Abstract
P811
Introduction: Radiopharmaceutical therapy (RPT) via the utilization of radioligands enables targeted delivery of radionuclides to cancer cells while keeping radiation exposure to untargeted cells low. An example application of tremendous value includes prostate-specific membrane antigen (PSMA) targeted RPTs of prostate cancer. Noninvasive magnetic resonance (MR) imaging has been widely used for pretreatment workup in patients with prostate cancer. We developed a 3D spatiotemporal drug delivery model based on patient MR imaging data to capture the essential pharmacokinetic interactions between PSMA radioligands and solid prostate tumors. This study is aimed to determine the effects of receptor density, recycling rate, and synthesis rate of PSMA receptors on the mean concentration of 177Lu-PSMA-617 in the tumor.

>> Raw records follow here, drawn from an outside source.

text \<open>A weight is a symmetric involution, hence orthogonal, so the indefinite inverse
  \<open>A\<^sup>[\<^sup>\<dagger>\<^sup>]\<close> is the ordinary Moore-Penrose inverse \<open>pinv A\<close> conjugated by the weights; the
  intertwining \<open>M A = A N\<close> makes the two equal. Similarly \<open>(A\<^sup>[\<^sup>*\<^sup>] \<circ> A)\<^sup>[\<^sup>\<dagger>\<^sup>] \<circ> y\<close> is
  \<open>pinv A (pinv A)\<^sup>T y\<close>, and the hypothesis provides \<open>k \<in> K\<close> with \<open>(pinv A)\<^sup>T y = A k\<close>.
  The image point \<open>pinv A A k\<close> then differs from \<open>k\<close> by an element of the null space of
  \<open>A\<close>, because \<open>A (pinv A) A = A\<close>.\<close>

definition moore_penrose :: "real^'n^'m \<Rightarrow> real^'m^'n \<Rightarrow> bool" where
  "moore_penrose A X \<longleftrightarrow> A ** X ** A = A \<and> X ** A ** X = X \<and>
     transpose (A ** X) = A ** X \<and> transpose (X ** A) = X ** A"

lemma inner_vector_matrix_mult: "(x::real^'n) \<bullet> (y v* A) = (A *v x) \<bullet> y"
  by (metis dot_lmul_matrix inner_commute)

lemma transpose_eq_selfI:
  fixes C :: "real^'n^'n"
  assumes "\<And>u v. u \<bullet> (C *v v) = (C *v u) \<bullet> v"
  shows "transpose C = C"
proof -
  have "(transpose C *v u - C *v u) \<bullet> v = 0" for u v
    using assms[of u v] by (simp add: inner_diff_left dot_lmul_matrix)
  then have "transpose C *v u = C *v u" for u
    by (metis inner_eq_zero_iff right_minus_eq)
  then show ?thesis by (simp add: matrix_eq)
qed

Methods: Spatiotemporal distribution models (SDMs) are a category of computational models that are often utilized to investigate the influence of different biological features on drug delivery in the treatment of solid tumors. SDMs incorporate processes of convection, diffusion, and reaction, and have been extensively developed in other fields, which we extend to nuclear medicine. We first extract the geometry of the prostate tumor and surrounding tissue from a set of patient-specific MR images (Figure 1). Subsequently, governing equations of interstitial flow, drug transport in tissues, and receptor cycles are solved by incorporating realistic conditions and details, including association/dissociation with ligands, synthesis of PSMA receptors, receptor recycling, internalization of drugs, as well as degradation of receptors and drugs. Our simulations were performed using the commercial finite element software COMSOL Multiphysics 5.6 (COMSOL, Inc., Burlington, MA). We considered typical 90 nmol unlabeled and 10 nmol labeled 177Lu-PSMA-617 (activity: 7.4 GBq). The model is studied for a range of values of receptor densities (10 to 100 nmol/L), recycle rates of receptors (10-4 to 10-1 min-1), and constitutive receptor synthesis rates (10-2 to 101 min-1).
Results: Raising the receptor density from 10 to 100 nmol/L increases the mean concentration of labeled PSMA in tumors in a non-linear fashion; by up to 200% (Figure 2). The concentration is increased by 31.8% when the receptor recycling rate changes from 10-4 to 10-1 min-1 (Figure 3), and 9.6% when the constitutive receptor synthesis rate is increased from 10-2 to 101 min-1 (Figure 4). As such, the tumor receptor density is identified as a key factor that strongly affects Lu-PSMA concentrations. However, concentrations are less sensitive to the recycling rate of receptors and constitutive receptor synthesis rates.
Conclusions: The presented spatiotemporal tumor transport model can analyze different physiological parameters that affect 177Lu-PSMA transport and delivery. Furthermore, spatiotemporal modeling based on real images (e.g., MRI) reveals intriguing insights into drug bio-transport in RPTs, which can shed significant light on enhanced RPT deliveries.